When brewing, once the boil is complete, wort is chilled before the yeast is pitched. While yeast won’t be killed unless pitched above 60°C/140°F, if the temperature of the yeast prior to pitching is significantly different from the temperature in the fermenter it can be shocked, resulting in less than optimal fermentation rates.
While other methods can be employed, in the BIAC brewing system, hot wort is normally chilled by chillant (ie. water or a water/refrigerant mix) being fed into the wall cavity/jacket of the fermenter. As the chillant rises up through the jacket, it removes heat from the wort through the fermenter wall. This makes it a very sanitary chilling system as the vessel has been completely sanitized by the boil and the wort never leaves the vessel it was boiled in. There is virtually ZERO RISK of contamination from hoses, connections, valves, plate chillers, incompletely sanitized fermenters etc. like in traditional systems where the wort passes from the boil kettle through the chilling apparatus on its way to the fermenter.
There has been some discussion online about the benefit of circulating wort inside the BIAC fermenter during chilling to reduce the chill time so we put it to the test in our largest system, the 5BBL BIAC. We tested on the 5BBL, since being the largest system we currently offer, it has the lowest chilling surface area to wort ratio and therefore (all other factors being equal) the longest chill time of the BIAC systems.
The 5BBL fermenter was filled with 600L of water, heated to boiling, and the time recorded to see how quickly it would chill down to 27°C/80°F using Vancouver’s municipal water (which on that particular day was 7°C/45°F). The chilling water for the test had a constant flow rate, consistent temperature and the only thing changed was whether or not the pump (Note: a March 5S was used for this test; we now sell the 7S exclusively, which is a considerably more powerful pump so more likely to break the stratification earlier) was circulating water internally during the chill. The temperature was measured both at the top of the fermenter with a probe hung over the top, and at the fermenter sensor port near the bottom of the fermenter.
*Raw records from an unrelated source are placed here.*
definition is_MNS :: "'v set \<Rightarrow> ('v \<Rightarrow> 'v \<Rightarrow> bool) \<Rightarrow> 'v list \<Rightarrow> bool" where
  "is_MNS V adj \<sigma> \<longleftrightarrow> is_ordering V \<sigma> \<and>
     (\<forall>j < length \<sigma>. \<forall>w \<in> V - set (take j \<sigma>).
        \<not> (mns_label adj \<sigma> j (\<sigma>!j) \<subset> mns_label adj \<sigma> j w))"

definition F_tree :: "('v \<Rightarrow> 'v \<Rightarrow> bool) \<Rightarrow> 'v list \<Rightarrow> 'v set set" where
  "F_tree adj \<sigma> = {{\<sigma>!j, \<sigma>!(LEAST i. i < length \<sigma> \<and> adj (\<sigma>!j) (\<sigma>!i))} | j. 0 < j \<and> j < length \<sigma>}"

end

theory Submission
  imports Defs
begin

text \<open>Both MNS and MCS orderings have the following property: a vertex numbered at step
  \<open>j > 0\<close> has an inclusion-maximal set of numbered neighbours among all unnumbered vertices.
  Suppose such an ordering \<open>\<sigma>\<close> of \<open>G(I)\<close> has \<open>F\<close>-tree \<open>T(I)\<close>. Since \<open>T(I)\<close> is a star at \<open>r\<close> plus
  the edges \<open>pa\<close> and \<open>bt\<close>, the ordering must start with \<open>r, p\<close> and must number \<open>b\<close> before \<open>q\<close>
  and \<open>t\<close>; maximality at \<open>b\<close>, compared with \<open>q\<close>, keeps all clause vertices after \<open>b\<close>.
  Make a literal true if it is numbered before its complement. For a clause \<open>c\<close> falsified by
  this assignment, consider the first vertex that is either \<open>b\<close> or a literal numbered after
  its complement: \<open>c\<close> is adjacent to every vertex before it, while that vertex misses \<open>p\<close>
  or its complement, contradicting maximality.\<close>

definition earlier_nbrs :: "('v \<Rightarrow> 'v \<Rightarrow> bool) \<Rightarrow> 'v list \<Rightarrow> nat \<Rightarrow> 'v \<Rightarrow> nat set" where
  "earlier_nbrs adj \<sigma> j v = {i. i < j \<and> adj (\<sigma>!i) v}"

definition maximal_nbhds :: "('v \<Rightarrow> 'v \<Rightarrow> bool) \<Rightarrow> 'v list \<Rightarrow> bool" where
  "maximal_nbhds adj \<sigma> \<longleftrightarrow> (\<forall>i j. 0 < j \<longrightarrow> j \<le> i \<longrightarrow> i < length \<sigma> \<longrightarrow>
     \<not> earlier_nbrs adj \<sigma> j (\<sigma>!j) \<subset> earlier_nbrs adj \<sigma> j (\<sigma>!i))"

lemma nth_in_set_take_iff:
  assumes "distinct xs" "i < length xs"
  shows "xs!i \<in> set (take j xs) \<longleftrightarrow> i < j"
  using assms by (auto simp: in_set_conv_nth nth_eq_iff_index_eq)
The first chart ('Chart 1') shows the chill curve with the pump circulating, and the second chart ('Chart 2') shows it without. The test demonstrated a few things. First, the actual rate of chilling was almost neglible between the two, suggesting that the fermenter is a relatively efficient chiller as is, and circulating the wort during chill does not reduce chilling time significantly. Second, if the wort is not circulated during the chill, there is a significant temperature stratification inside the fermenter, with the water/wort at the top of the fermenter being much warmer than the bottom. However, when gas (air) was introduced into the bottom of the fermenter for less than a minute (at 90 minutes, much the same as would occur through aeration prior to pitching yeast) the bubbling action inside the fermenter caused by the rising gas bubbles, broke the temperature stratification and neutralized the temperature difference almost immediately.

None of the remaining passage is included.